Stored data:
════════════════════

lemma card_Collect_less_less_iff: "card {i. i < m \<and> P i} < m \<longleftrightarrow> (\<exists>i<m. \<not> P i)"
proof -
  have "card {i. i < m \<and> P i} \<le> m"
    using card_mono[of "{..<m}" "{i. i < m \<and> P i}"] by auto
  then have "card {i. i < m \<and> P i} < m \<longleftrightarrow> card {i. i < m \<and> P i} \<noteq> m"
    by linarith
  then show ?thesis
    using card_Collect_less_eq_iff[of m P] by blast
qed

lemma closed_nbhd_root:
  "1 \<le> h \<Longrightarrow> closed_nbhd (tverts m h) (tadj m h) {Some []} = {None, Some []} \<union> {Some [j] | j. j < m}"
  by (auto simp: closed_nbhd_def tadj_root tverts_Some)

text \<open>The classification at height \<open>h\<close> uses, at height \<open>h - 1\<close>, the fact that a Type II set observes
  its root exactly at odd heights; that fact is then proved by induction with this classification.\<close>

context
  fixes m h :: nat and S :: "nat list option set"
  assumes h: "1 \<le> h" and m: "2 \<le> m" and S: "S \<subseteq> tverts m h - {None}"
    and typeII_below: "\<And>T. typeII m (h - 1) T \<Longrightarrow>
      None \<notin> obs m (h - 1) T \<and> (Some [] \<in> obs m (h - 1) T \<longleftrightarrow> odd (h - 1))"
begin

════════════════════

Copy out exactly the lines between the line with "h \<Longrightarrow> closed_nbhd" and the last line of the entries, counting both of those lines.

- ANSWER TO THE EXERCISE -
  "1 \<le> h \<Longrightarrow> closed_nbhd (tverts m h) (tadj m h) {Some []} = {None, Some []} \<union> {Some [j] | j. j < m}"
  by (auto simp: closed_nbhd_def tadj_root tverts_Some)

text \<open>The classification at height \<open>h\<close> uses, at height \<open>h - 1\<close>, the fact that a Type II set observes
  its root exactly at odd heights; that fact is then proved by induction with this classification.\<close>

context
  fixes m h :: nat and S :: "nat list option set"
  assumes h: "1 \<le> h" and m: "2 \<le> m" and S: "S \<subseteq> tverts m h - {None}"
    and typeII_below: "\<And>T. typeII m (h - 1) T \<Longrightarrow>
      None \<notin> obs m (h - 1) T \<and> (Some [] \<in> obs m (h - 1) T \<longleftrightarrow> odd (h - 1))"
begin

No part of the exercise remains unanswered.